8i | 9i | 10g | 11g | 12c | 13c | 18c | 19c | 21c | 23c | Misc | PL/SQL | SQL | RAC | WebLogic | Linux
Indexing JSON Data in Oracle Database 12c Release 1 (12.1.0.2)
This article describes the server side support for indexing JSON data in Oracle Database 12c Release 1 (12.1.0.2). It is assumed you already have an understanding of JSON support in the database, as described here. After using this article to familiarise yourself with the concepts, you really need to spend some time working through the documentation to be able to make full use of the JSON support and indexing of JSON data.
- Considerations
- Setup
- Function-Based Indexes
- Composite B-Tree Indexes
- Bitmap Indexes
- Full-Text Search (JSON Search Indexes)
Related articles.
- Indexing JSON Data in Oracle Database 12c
- JSON Support in Oracle Database 12c
- JSON Quick Links : Introduction, 12cR1, 12cR2, 18c, 19c, 21c, All Articles
Considerations
Before you launch into indexing your JSON documents, there are a few things to consider.
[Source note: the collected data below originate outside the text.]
lemma uniform_on_level_null:
  assumes "finite_measure N" and uniform: "uniform_on N A V"
    and A: "A \<in> sets N" and V: "V \<in> borel_measurable N"
  shows "measure N {x\<in>A. V x = t} = 0"
proof -
  interpret finite_measure N by fact
  have sets: "{x\<in>A. P (V x)} \<in> sets N" if "Measurable.pred borel P" for P
    by (intro sets_Collect_in A measurable_compose[OF V that])
  have level_le: "measure N {x\<in>A. V x = t} \<le> measure N {x\<in>A. V x \<le> t} - measure N {x\<in>A. V x \<le> r}"
    if "r < t" for r
  proof -
    have "measure N {x\<in>A. V x = t} \<le> measure N ({x\<in>A. V x \<le> t} - {x\<in>A. V x \<le> r})"
      using that sets[of "\<lambda>v. v = t"] sets[of "\<lambda>v. v \<le> t"] sets[of "\<lambda>v. v \<le> r"]
      by (intro finite_measure_mono) auto
    also have "\<dots> = measure N {x\<in>A. V x \<le> t} - measure N {x\<in>A. V x \<le> r}"
      using sets[of "\<lambda>v. v \<le> r"] sets[of "\<lambda>v. v \<le> t"] that by (intro finite_measure_Diff) auto
    finally show ?thesis .
  qed
  consider "t \<le> 0" | "1 < t" | "0 < t" "t \<le> 1" by linarith
  then have "measure N {x\<in>A. V x = t} \<le> 0"
  proof cases
    case 1
    have "measure N {x\<in>A. V x = t} \<le> measure N {x\<in>A. V x \<le> 0}"
      using 1 sets[of "\<lambda>v. v \<le> 0"] by (intro finite_measure_mono) auto
    then show ?thesis using uniform by (simp add: uniform_on_def)
  next
    case 2
    have "measure N {x\<in>A. V x = t} \<le> measure N (A - {x\<in>A. V x \<le> 1})"
      using 2 A sets[of "\<lambda>v. v \<le> 1"] by (intro finite_measure_mono) auto
    also have "\<dots> = measure N A - measure N {x\<in>A. V x \<le> 1}"
      using A sets[of "\<lambda>v. v \<le> 1"] by (intro finite_measure_Diff) auto
    finally show ?thesis using uniform by (simp add: uniform_on_def)
  next
    case 3
    show ?thesis
    proof (rule le_of_le_plus_divide_power2[where c = "t * measure N A"], simp)
      fix n :: nat
      have pos: "0 < t / 2^n" "t / 2^n \<le> t" using 3 by (auto simp: field_simps)
      have unif: "measure N {x\<in>A. V x \<le> r} = r * measure N A" if "0 \<le> r" "r \<le> 1" for r
        using uniform that by (simp add: uniform_on_def)
      have "measure N {x\<in>A. V x = t} \<le> measure N {x\<in>A. V x \<le> t} - measure N {x\<in>A. V x \<le> t - t / 2^n}"
        by (rule level_le) (use pos in simp)
      also have "\<dots> = t / 2^n * measure N A"
        using unif[of t] unif[of "t - t / 2^n"] pos 3 by (simp add: algebra_simps)
      finally show "measure N {x\<in>A. V x = t} \<le> t * measure N A / 2^n" by simp
    qed
  qed
  then show ?thesis using measure_nonneg[of N] by (simp add: antisym)
qed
- Many developers will have used document stores that are designed for extremely fast throughput. Adding indexes to any table will affect the performance of DML against it, as the indexes have to be maintained. You have to weigh up the overhead of indexing on DML performance against the improved query performance.
- The majority of the JSON indexes are function-based indexes, which means the maintenance overhead is event higher than a regular B*Tree index.
- If the JSON documents are very large, the overhead of indexing is likely to be even greater.
- During this article you will see the optimizer is very picky about using JSON indexes. Slight changes in parameters can make the index unavailable for a specific query. You will definitely not be able to index every possible combination.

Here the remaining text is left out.